Oral History Training: Ethics of Sharing Research Results with Participants
Graduate students and researchers from UC Berkeley and UO needed to conduct 120 semi-structured interviews with economists and research participants across Africa — an undertaking that required rigorous preparation in cross-cultural oral history methodology. This training initiative equipped the research team with practical interviewing skills, ethical frameworks, and data management workflows to carry that work out responsibly.
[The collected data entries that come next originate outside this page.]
(* Let $d\ge 3$, $F \leq F' \leq \mathrm{Sym}(\Omega)$ with $F'$ preserving each $F$-orbit in $\Omega$, and $n = [F':F]$. Let $G(F,F')$ act on $X_{n,d}$ via the embedding $\varphi$, i.e. $\gamma \cdot (f,e) = (f^\gamma, \gamma e)$ with $(f^\gamma)_v = \alpha(\sigma(\gamma,\gamma^{-1}v)) \cdot f_{\gamma^{-1}v}$. Then: (a) $G(F,F')^\ast$ acts on the vertex set of $X_{n,d}$ with finitely many orbits; if $F$ is transitive on $\Omega$, then $G(F,F')^\ast$ acts transitively on the vertices of $X_{n,d}$. (b) For every $e \in E_d$, the stabilizer of the vertex $((0),e)$ in $G(F,F')$ equals the stabilizer of $e$ in $U(F)$. In particular the action of $G(F,F')$ on $X_{n,d}$ is proper. Consequently, when $F$ is regular, $G(F,F')^\ast$ acts freely and transitively on the vertices of $X_{n,d}$.
   Context: $\Omega$ is a set with $|\Omega|=d$; $T_d$ is the $d$-regular tree with vertex set $V_d$, edge set $E_d$, with a coloring $c: E_d\to\Omega$ restricting at each vertex $v$ to a bijection from the set $E(v)$ of edges at $v$ onto $\Omega$. Local permutation: $\sigma(g,v) = c|_{E(gv)} \circ g \circ (c|_{E(v)})^{-1}$. $U(F)$: automorphisms with all local permutations in $F$. $G(F,F')$: automorphisms with all local permutations in $F'$ and all but finitely many in $F$, with the topology making the inclusion of $U(F)$ continuous and open; $G(F,F')^\ast$ is its index-two subgroup preserving the bipartition of $T_d$. A permutation group is semi-regular if point stabilizers are trivial, regular if transitive and semi-regular. $\Sigma_n=\{0,\dots,n-1\}$, $\mathfrak S_n=\mathrm{Sym}(\Sigma_n)$; $\alpha: F' \to \mathfrak{S}_n$ is the action of $F'$ on $F'/F$ transported via a fixed bijection $\Sigma_n \to F'/F$ with $0 \mapsto F$. The graph $X_{n,d}$ has vertex set $\Sigma_n^{(V_d)} \times E_d$ ($\Sigma_n^{(V_d)}$ the finitely supported functions $f: V_d\to\Sigma_n$); $(f,e)\sim(f,e')$ (type 1) if $e,e'$ share exactly one vertex, and $(f,e)\sim(f',e)$ (type 2) if $f'$ differs from $f$ at exactly one vertex, which lies in $e$. $(0)$ denotes the zero function. *)

theory Defs
  imports "HOL-Analysis.Analysis" "HOL-Combinatorics.Permutations"
begin

text \<open>Omega = {..<d}. Vertices of T_d: reduced words over Omega; the edges are
  {w, w @ [a]}, coloured by a. At every vertex the colouring is a bijection onto Omega.\<close>

definition Verts :: "nat \<Rightarrow> nat list set" where
  "Verts d = {w. set w \<subseteq> {..<d} \<and> (\<forall>i. Suc i < length w \<longrightarrow> w ! i \<noteq> w ! Suc i)}"

definition Edges :: "nat \<Rightarrow> nat list set set" where
  "Edges d = {{w, w @ [a]} | w a. w @ [a] \<in> Verts d}"

definition ecol :: "nat list set \<Rightarrow> nat" where
  "ecol e = (THE a. \<exists>w. e = {w, w @ [a]})"

definition nb :: "nat list \<Rightarrow> nat \<Rightarrow> nat list" where
  "nb v a = (if v \<noteq> [] \<and> last v = a then butlast v else v @ [a])"

text \<open>automorphisms of T_d (extended by the identity outside the vertex set)\<close>
definition aut :: "nat \<Rightarrow> (nat list \<Rightarrow> nat list) \<Rightarrow> bool" where
  "aut d g \<longleftrightarrow> bij_betw g (Verts d) (Verts d)
     \<and> (\<forall>v\<in>Verts d. \<forall>w\<in>Verts d. {g v, g w} \<in> Edges d \<longleftrightarrow> {v, w} \<in> Edges d)
     \<and> (\<forall>x. x \<notin> Verts d \<longrightarrow> g x = x)"

text \<open>local permutation sigma(g,v) = c|E(gv) o g o (c|E(v))^-1, as a permutation of {..<d}\<close>
definition locperm :: "nat \<Rightarrow> (nat list \<Rightarrow> nat list) \<Rightarrow> nat list \<Rightarrow> nat \<Rightarrow> nat" where
  "locperm d g v = (\<lambda>a. if a < d then ecol (g ` {v, nb v a}) else a)"

definition perm_group :: "nat \<Rightarrow> (nat \<Rightarrow> nat) set \<Rightarrow> bool" where
  "perm_group d F \<longleftrightarrow> F \<subseteq> {p. p permutes {..<d}} \<and> id \<in> F
     \<and> (\<forall>p\<in>F. \<forall>q\<in>F. p \<circ> q \<in> F) \<and> (\<forall>p\<in>F. inv p \<in> F)"

definition transitive_on :: "nat \<Rightarrow> (nat \<Rightarrow> nat) set \<Rightarrow> bool" where
  "transitive_on d F \<longleftrightarrow> (\<forall>a<d. \<forall>b<d. \<exists>p\<in>F. p a = b)"

definition semiregular_on :: "nat \<Rightarrow> (nat \<Rightarrow> nat) set \<Rightarrow> bool" where
  "semiregular_on d F \<longleftrightarrow> (\<forall>p\<in>F. \<forall>a<d. p a = a \<longrightarrow> p = id)"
Partners: UO Department of History · UO Department of Economics · UC Berkeley Center for Effective Global Action (CEGA) · UO Libraries
Impact: Directly enabled Year 2 research objectives. Findings to be integrated into existing courses reaching an estimated 900 students, with practical trainings offered through CEGA’s Research Transparency and Reproducibility program.
UO Libraries Public Scholarship Internship
A for-credit, paid internship hosted by the UO Libraries Department of Open Research, giving undergraduate students hands-on experience in digital humanities and public scholarship through the Invisible No More project. The program was developed in collaboration with the Tykeson Career Resource Center, the School of Journalism and Communication, and the Department of Anthropology.
Partners: UO Libraries · Tykeson Career Resource Center · School of Journalism and Communication · Department of Anthropology
Impact: Intern Michell Martinez (SOJC ‘25) gained expertise in photograph digitization, metadata management, bilingual website development, and oral history methods. Following the internship she secured a position at UO Libraries Resource Description Services and a Slavic Immigrant Artist in the Northwest internship.